Eli and Mona get it on, which is a little bit surprising. And it happens so fast. Is it just the close collaboration around the newspaper stories or was there something else that threw them together into bed?

They generate a little heat, I guess, and in a slightly unstable time, who knows what can happen.

Mona is a confident woman sexually; you don’t disguise this at all. She masturbates, fucks a man to later rip-off his wallet and fingers Eli’s asshole at one point. This might take some readers aback; associate this sort of bold sexuality as a more contemporary characteristic.
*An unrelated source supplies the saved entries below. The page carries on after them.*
(* Let $X$ be a one-sided subshift with $\sigma(X)=X$ which is aperiodic and satisfies $|Sp_l(X,\sigma)|<\infty$. Then $(\widetilde{X},\sigma_{\widetilde{X}})$ is a zero-dimensional compact metrizable system in which $\sigma_{\widetilde{X}}$ is an aperiodic surjective local homeomorphism, and moreover: (i) $|Sp_l(\widetilde{X},\sigma_{\widetilde{X}})|=|Sp_l(X,\sigma)|<\infty$; (ii) every point of $Sp_l(\widetilde{X},\sigma_{\widetilde{X}})$ is an isolated point of $\widetilde{X}$.
   Context: $X\subseteq\mathcal{A}^{\mathbb{N}}$ is a closed shift-invariant set over a finite alphabet $\mathcal{A}$, $\sigma$ the left shift. Aperiodic: no point $x$ with $\sigma^n(x)=x$ for some $n\ge1$. For a map $T$ on $Y$, $Sp_l(Y,T)=\{y: |T^{-1}(\{y\})|\ge2\}$. The cover: for $x\in X$, $l\ge0$, $P_l(x)=\{\mu\in\mathcal{L}(X): |\mu|=l,\ \mu x\in X\}$. Let $\mathcal{I}=\{(k,l)\in\mathbb{N}^2: k\le l\}$ with $(k,l)\preceq(k',l')$ iff $k\le k'$ and $l-k\le l'-k'$. For $(k,l)\in\mathcal{I}$, $x\overset{k,l}{\sim}y$ iff $x_{[0,k)}=y_{[0,k)}$ and $P_l(\sigma^k(x))=P_l(\sigma^k(y))$; ${}_kX_l=X/\overset{k,l}{\sim}$ (finite, discrete), classes ${}_k[x]_l$. $\widetilde{X}$ is the projective limit of $({}_kX_l)$ under the maps ${}_{k'}[x]_{l'}\mapsto{}_k[x]_l$ for $(k,l)\preceq(k',l')$. The shift is $\sigma_{\widetilde{X}}(\tilde{x})_{(k,l)}={}_k[\sigma(z)]_l$ for any representative $z$ of $\tilde{x}_{(k+1,l+1)}$. A map is a local homeomorphism if each point has an open neighbourhood on which it restricts to a homeomorphism onto an open set. *)

theory Defs
  imports "HOL-Analysis.Analysis"
begin

definition fullshift_top :: "(nat \<Rightarrow> 'a) topology" where
  "fullshift_top = product_topology (\<lambda>_. discrete_topology UNIV) UNIV"

definition shift :: "(nat \<Rightarrow> 'a) \<Rightarrow> (nat \<Rightarrow> 'a)" where
  "shift x = (\<lambda>i. x (Suc i))"

definition subshift :: "(nat \<Rightarrow> 'a::finite) set \<Rightarrow> bool" where
  "subshift X \<longleftrightarrow> closedin fullshift_top X \<and> shift ` X \<subseteq> X"

definition aperiodic_on :: "'b set \<Rightarrow> ('b \<Rightarrow> 'b) \<Rightarrow> bool" where
  "aperiodic_on Y T \<longleftrightarrow> (\<forall>y\<in>Y. \<forall>n\<ge>1. (T ^^ n) y \<noteq> y)"

definition Sp_l :: "'b set \<Rightarrow> ('b \<Rightarrow> 'b) \<Rightarrow> 'b set" where
  "Sp_l Y T = {y \<in> Y. \<exists>a\<in>Y. \<exists>b\<in>Y. a \<noteq> b \<and> T a = y \<and> T b = y}"

definition lang :: "(nat \<Rightarrow> 'a) set \<Rightarrow> 'a list set" where
  "lang X = {w. \<exists>x\<in>X. \<exists>n. w = map x [n..<n + length w]}"

definition conc :: "'a list \<Rightarrow> (nat \<Rightarrow> 'a) \<Rightarrow> (nat \<Rightarrow> 'a)" where
  "conc \<mu> x = (\<lambda>i. if i < length \<mu> then \<mu> ! i else x (i - length \<mu>))"

definition P_l :: "(nat \<Rightarrow> 'a) set \<Rightarrow> nat \<Rightarrow> (nat \<Rightarrow> 'a) \<Rightarrow> 'a list set" where
  "P_l X l x = {\<mu> \<in> lang X. length \<mu> = l \<and> conc \<mu> x \<in> X}"

definition kl_rel :: "(nat \<Rightarrow> 'a) set \<Rightarrow> nat \<Rightarrow> nat \<Rightarrow> (nat \<Rightarrow> 'a) \<Rightarrow> (nat \<Rightarrow> 'a) \<Rightarrow> bool" where
  "kl_rel X k l x y \<longleftrightarrow> (\<forall>i<k. x i = y i) \<and> P_l X l ((shift ^^ k) x) = P_l X l ((shift ^^ k) y)"

definition kcls :: "(nat \<Rightarrow> 'a) set \<Rightarrow> nat \<Rightarrow> nat \<Rightarrow> (nat \<Rightarrow> 'a) \<Rightarrow> (nat \<Rightarrow> 'a) set" where
  "kcls X k l x = {y \<in> X. kl_rel X k l x y}"

definition kXl :: "(nat \<Rightarrow> 'a) set \<Rightarrow> nat \<Rightarrow> nat \<Rightarrow> (nat \<Rightarrow> 'a) set set" where
  "kXl X k l = kcls X k l ` X"

definition Idx :: "(nat \<times> nat) set" where
  "Idx = {(k, l). k \<le> l}"

definition idx_le :: "nat \<times> nat \<Rightarrow> nat \<times> nat \<Rightarrow> bool" where
  "idx_le p q \<longleftrightarrow> fst p \<le> fst q \<and> snd p - fst p \<le> snd q - fst q"

definition bond :: "(nat \<Rightarrow> 'a) set \<Rightarrow> nat \<times> nat \<Rightarrow> (nat \<Rightarrow> 'a) set \<Rightarrow> (nat \<Rightarrow> 'a) set" where
  "bond X p C = kcls X (fst p) (snd p) (SOME z. z \<in> C)"

definition cover_prod_top :: "(nat \<Rightarrow> 'a) set \<Rightarrow> (nat \<times> nat \<Rightarrow> (nat \<Rightarrow> 'a) set) topology" where
  "cover_prod_top X = product_topology (\<lambda>p. discrete_topology (kXl X (fst p) (snd p))) Idx"

definition Xtil :: "(nat \<Rightarrow> 'a) set \<Rightarrow> (nat \<times> nat \<Rightarrow> (nat \<Rightarrow> 'a) set) set" where
  "Xtil X = {t \<in> (\<Pi>\<^sub>E p\<in>Idx. kXl X (fst p) (snd p)).
              \<forall>p\<in>Idx. \<forall>q\<in>Idx. idx_le p q \<longrightarrow> t p = bond X p (t q)}"

definition Xtil_top :: "(nat \<Rightarrow> 'a) set \<Rightarrow> (nat \<times> nat \<Rightarrow> (nat \<Rightarrow> 'a) set) topology" where
  "Xtil_top X = subtopology (cover_prod_top X) (Xtil X)"

definition shift_til :: "(nat \<Rightarrow> 'a) set \<Rightarrow> (nat \<times> nat \<Rightarrow> (nat \<Rightarrow> 'a) set) \<Rightarrow> (nat \<times> nat \<Rightarrow> (nat \<Rightarrow> 'a) set)" where
  "shift_til X t = (\<lambda>p\<in>Idx. kcls X (fst p) (snd p) (shift (SOME z. z \<in> t (Suc (fst p), Suc (snd p)))))"

definition local_homeomorphism :: "'b topology \<Rightarrow> ('b \<Rightarrow> 'b) \<Rightarrow> bool" where
  "local_homeomorphism T f \<longleftrightarrow>
     (\<forall>x\<in>topspace T. \<exists>U. openin T U \<and> x \<in> U \<and> openin T (f ` U) \<and>
        homeomorphic_map (subtopology T U) (subtopology T (f ` U)) f)"

definition isolated_point :: "'b topology \<Rightarrow> 'b \<Rightarrow> bool" where
  "isolated_point T x \<longleftrightarrow> x \<in> topspace T \<and> openin T {x}"

end

theory Submission
  imports Defs
begin

text \<open>
  A thread \<open>s\<close> of the cover is determined by its image under the shift together with its first
  letter. The first letters of the preimages of a thread \<open>t\<close> are exactly the letters \<open>a\<close> that are
  admissible for \<open>t\<close>, i.e.\ \<open>a z \<in> X\<close> for all \<open>z\<close> in all components \<open>t(k,k+1)\<close>, since such a
  letter can be prepended to \<open>t\<close>. So on the clopen cylinder of threads with first letter \<open>a\<close>
  the shift is injective onto the open set of threads admitting \<open>a\<close>, and by compactness it is a
  local homeomorphism.

  If \<open>t\<close> admits two letters, every point of every component \<open>t(k,k+1)\<close> lies in \<open>Sp\<^sub>l(X,\<sigma>)\<close>.
  This set is finite, hence separated by prefixes of some length \<open>N\<close>, so \<open>t(N,N+1)\<close> is a
  singleton \<open>{x}\<close>. That singleton determines \<open>t\<close> as the image of \<open>x\<close> under the embedding
  \<open>x \<mapsto> (k[x]l)\<close> and makes \<open>t\<close> an isolated point; thus the branch points of the cover are the
  embedded branch points of \<open>X\<close>. Aperiodicity passes to the cover because the diagonal
  components \<open>t(i+1,i+1)\<close> determine a point of the closed set \<open>X\<close> on which the two shifts agree.
\<close>

section \<open>Words and sequences\<close>

lemma funpow_shift: "(shift ^^ k) x = (\<lambda>i. x (i + k))"
proof (induction k arbitrary: x)
  case 0 then show ?case by simp
next
  case (Suc k)
  have "(shift ^^ Suc k) x = (shift ^^ k) (shift x)" by (simp only: funpow_Suc_right comp_def)
  also have "\<dots> = (\<lambda>i. shift x (i + k))" by (rule Suc.IH)
  also have "\<dots> = (\<lambda>i. x (i + Suc k))" by (simp add: shift_def)
  finally show ?case .
qed

lemma conc_singleton_0 [simp]: "conc [a] x 0 = a"
  and conc_singleton_Suc [simp]: "conc [a] x (Suc i) = x i"
  by (simp_all add: conc_def)

lemma shift_conc_singleton [simp]: "shift (conc [a] x) = x"
  by (simp add: shift_def conc_def)

lemma conc_head_shift: "conc [x 0] (shift x) = x"
  by (auto simp: shift_def conc_def fun_eq_iff)

lemma conc_append: "conc (\<mu> @ \<nu>) x = conc \<mu> (conc \<nu> x)"
  by (auto simp: conc_def fun_eq_iff nth_append)

lemma funpow_shift_conc: "length \<mu> = n \<Longrightarrow> (shift ^^ n) (conc \<mu> x) = x"
  by (auto simp: funpow_shift conc_def fun_eq_iff)

lemma conc_prefix_funpow_shift: "conc (map x [0..<n]) ((shift ^^ n) x) = x"
  by (auto simp: funpow_shift conc_def fun_eq_iff)

lemma conc_snoc_funpow_shift: "conc (\<mu> @ [x k]) ((shift ^^ Suc k) x) = conc \<mu> ((shift ^^ k) x)"
proof -
  have "conc [x k] ((shift ^^ Suc k) x) = (shift ^^ k) x"
    by (auto simp del: funpow.simps simp add: funpow_shift conc_def fun_eq_iff)
  then show ?thesis by (simp add: conc_append)
qed

lemma lang_if_conc_mem: "conc \<mu> x \<in> X \<Longrightarrow> \<mu> \<in> lang X"
  unfolding lang_def
  by (rule CollectI, rule bexI[of _ "conc \<mu> x"], rule exI[of _ 0])
    (auto simp: conc_def intro: nth_equalityI)

lemma P_l_iff: "\<mu> \<in> P_l X l x \<longleftrightarrow> length \<mu> = l \<and> conc \<mu> x \<in> X"
  by (auto simp: P_l_def lang_if_conc_mem)
(* For every integer $k\ge 2$, there is a connected 2-degenerate graph of order $n=5k+1$ with exactly $4^{k}=4^{(n-1)/5}$ inclusion-minimal connected dominating sets; hence the maximum number of minimal connected dominating sets in 2-degenerate graphs of order $n$ is $\Omega(1.3195^n)$.
   Context: A graph is 2-degenerate if there is an ordering $(v_1,\dots,v_n)$ of its vertices such that each $v_i$ has degree at most $2$ in $G[\{v_i,\dots,v_n\}]$. A connected dominating set of a graph $G=(V,E)$ is a set $S\subseteq V$ such that every vertex outside $S$ has a neighbor in $S$ and $G[S]$ is connected; it is (inclusion-)minimal if no proper subset is one. (The witnessing graph $G_2^k$ consists of $k$ disjoint copies of the graph on $\{x_1,x_2,y_1,y_2,z\}$ with edges $x_1x_2$, $x_1y_2$, $x_2y_1$, $zy_1$, $zy_2$, plus a vertex $s$ adjacent to all $x$-vertices of all copies.) *)

theory Defs
  imports Main
begin

definition sgraph :: "'a set \<Rightarrow> 'a set set \<Rightarrow> bool" where
  "sgraph V E \<longleftrightarrow> finite V \<and> (\<forall>e\<in>E. e \<subseteq> V \<and> card e = 2)"

definition adj :: "'a set set \<Rightarrow> 'a \<Rightarrow> 'a \<Rightarrow> bool" where
  "adj E u v \<longleftrightarrow> {u, v} \<in> E"

definition connected_set :: "'a set set \<Rightarrow> 'a set \<Rightarrow> bool" where
  "connected_set E S \<longleftrightarrow> S \<noteq> {} \<and>
     (\<forall>u\<in>S. \<forall>v\<in>S. (\<lambda>x y. x \<in> S \<and> y \<in> S \<and> adj E x y)\<^sup>*\<^sup>* u v)"

definition dominating_set :: "'a set \<Rightarrow> 'a set set \<Rightarrow> 'a set \<Rightarrow> bool" where
  "dominating_set V E S \<longleftrightarrow> S \<subseteq> V \<and> (\<forall>v\<in>V - S. \<exists>u\<in>S. adj E u v)"

definition connected_dominating_set :: "'a set \<Rightarrow> 'a set set \<Rightarrow> 'a set \<Rightarrow> bool" where
  "connected_dominating_set V E S \<longleftrightarrow> dominating_set V E S \<and> connected_set E S"

definition minimal_cds :: "'a set \<Rightarrow> 'a set set \<Rightarrow> 'a set \<Rightarrow> bool" where
  "minimal_cds V E S \<longleftrightarrow> connected_dominating_set V E S \<and>
     (\<forall>T. T \<subset> S \<longrightarrow> \<not> connected_dominating_set V E T)"

definition two_degenerate :: "'a set \<Rightarrow> 'a set set \<Rightarrow> bool" where
  "two_degenerate V E \<longleftrightarrow> (\<exists>vs. distinct vs \<and> set vs = V \<and>
     (\<forall>i < length vs. card {w \<in> set (drop i vs). adj E (vs ! i) w} \<le> 2))"

end

theory Submission
  imports Defs "HOL-Library.FuncSet"
begin

text \<open>Every connected dominating set of \<open>G\<^sub>2\<^sup>k\<close> with \<open>k \<ge> 2\<close> contains the hub \<open>s\<close>: without
  \<open>s\<close> a connected set stays inside one copy of the gadget, whereas a dominating set meets
  every copy. Given \<open>s\<close>, the part of a connected dominating set inside a copy has to dominate
  \<open>z, y\<^sub>1, y\<^sub>2\<close> and to link each of its vertices to \<open>x\<^sub>1\<close> or \<open>x\<^sub>2\<close> within the copy; a finite
  check shows that it then contains one of \<open>{y\<^sub>1,x\<^sub>1,x\<^sub>2}\<close>, \<open>{y\<^sub>2,x\<^sub>1,x\<^sub>2}\<close>, \<open>{z,y\<^sub>2,x\<^sub>1}\<close>,
  \<open>{z,y\<^sub>1,x\<^sub>2}\<close>. Conversely \<open>s\<close> together with one of these four sets from every copy is a
  connected dominating set, and as the four sets are pairwise incomparable, these are exactly
  the minimal ones, \<open>4\<^sup>k\<close> in number. Listing every copy as \<open>z, y\<^sub>1, y\<^sub>2, x\<^sub>1, x\<^sub>2\<close> and \<open>s\<close> last,
  each vertex has at most two later neighbours, so the graph is 2-degenerate.\<close>

abbreviation step_in :: "'a set set \<Rightarrow> 'a set \<Rightarrow> 'a \<Rightarrow> 'a \<Rightarrow> bool" where
  "step_in E S \<equiv> \<lambda>x y. x \<in> S \<and> y \<in> S \<and> adj E x y"

lemma adj_commute: "adj E u v \<longleftrightarrow> adj E v u"
  by (simp add: adj_def insert_commute)

lemma rtranclp_step_in_commute:
  assumes "(step_in E S)\<^sup>*\<^sup>* u v"
  shows "(step_in E S)\<^sup>*\<^sup>* v u"
  by (rule sympD[OF symp_rtranclp assms]) (auto intro: sympI simp: adj_commute)

lemma connected_setI:
  assumes "r \<in> S" and "\<And>u. u \<in> S \<Longrightarrow> (step_in E S)\<^sup>*\<^sup>* u r"
  shows "connected_set E S"
  unfolding connected_set_def
  using assms rtranclp_trans[OF assms(2) rtranclp_step_in_commute[OF assms(2)]] by blast

lemma connected_set_closed_superset:
  assumes "connected_set E S" "u \<in> C" "C \<subseteq> S"
    and closed: "\<And>x y. x \<in> C \<Longrightarrow> y \<in> S \<Longrightarrow> adj E x y \<Longrightarrow> y \<in> C"
  shows "S \<subseteq> C"
proof
  fix v assume "v \<in> S"
  with assms(1-3) have "(step_in E S)\<^sup>*\<^sup>* u v"
    unfolding connected_set_def by blast
  then show "v \<in> C"
  proof (induction rule: rtranclp_induct)
    case (step y z)
    then show ?case using closed by blast
  qed (fact assms(2))
qed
Why was it necessary to add this layer to her character, for Mona to be so courageous in the sack?

I don’t know if bold sexuality is a modern characteristic or not. I’d say hearing about bold sexuality is a modern characteristic. And I like the idea of Mona as a physically intuitive woman. Especially bounced off Eli, who’s a brooder.

In a way, the novel portrays Toronto as a bit of a hick town in 1934, with the exaggerated hubbub over the pickpockets from the media and the police force. Compared to, say, the level of organized crime going down in Chicago and New York at the same time, the crimes in The City Man seem small potatoes. What’s that say about 1934 Toronto? About how Toronto might have changed or not changed since 1934?

Toronto back then was more of an outwardly-dainty town, true. But that just pushed the juicy stuff a little deeper underground. We were known for our liquor and gambling it seems. Drugs and prostitution were as common here as any other city of its size. Violent crime, then as now, drew most of the headlines.

Early in the book, there’s a labour protest over unfair wages. There are also references to shortages and suffering common to the Great Depression. But these larger concerns are dwarfed in the novel by the pickpocket racket. I realize the pickpocket racket is the central story but I also got the sense that one reason the city got in such a flap about the pickpockets was to divert attention away from more serious injustices of the day. Can you comment?

Yeah, I wanted to give a feel for the time and place without writing one of those "During the Great Depression" kinda things. I wanted it to be more expressionistic.

And the flap is really a small news story that gets out of hand. The Star back then was a funny paper, pushing progressive causes like mother’s allowances but also in love with cheap sensationalism, like today’s Sun. Crime sells.

TDR: There’s an anti-Semitism stewing under the surface of the novel. Is this reflective of Toronto at the time? And why didn’t you make this facet of the story more prominent?

As with the Great Depression, I wanted there to be a whiff of anti-Semitism, but nothing that hits you full on. That would take away from the gist of the book.

Were you trying to shatter the stereotype of "Toronto the good" in some way? Or at least poke fun at it?

I don’t think we were all that good back then. I hope not. Anyway, my Toronto wasn’t that way.

 

Matthew Firth is a husband / father / worker / writer / publisher / editor / centre-ice man living in Ottawa.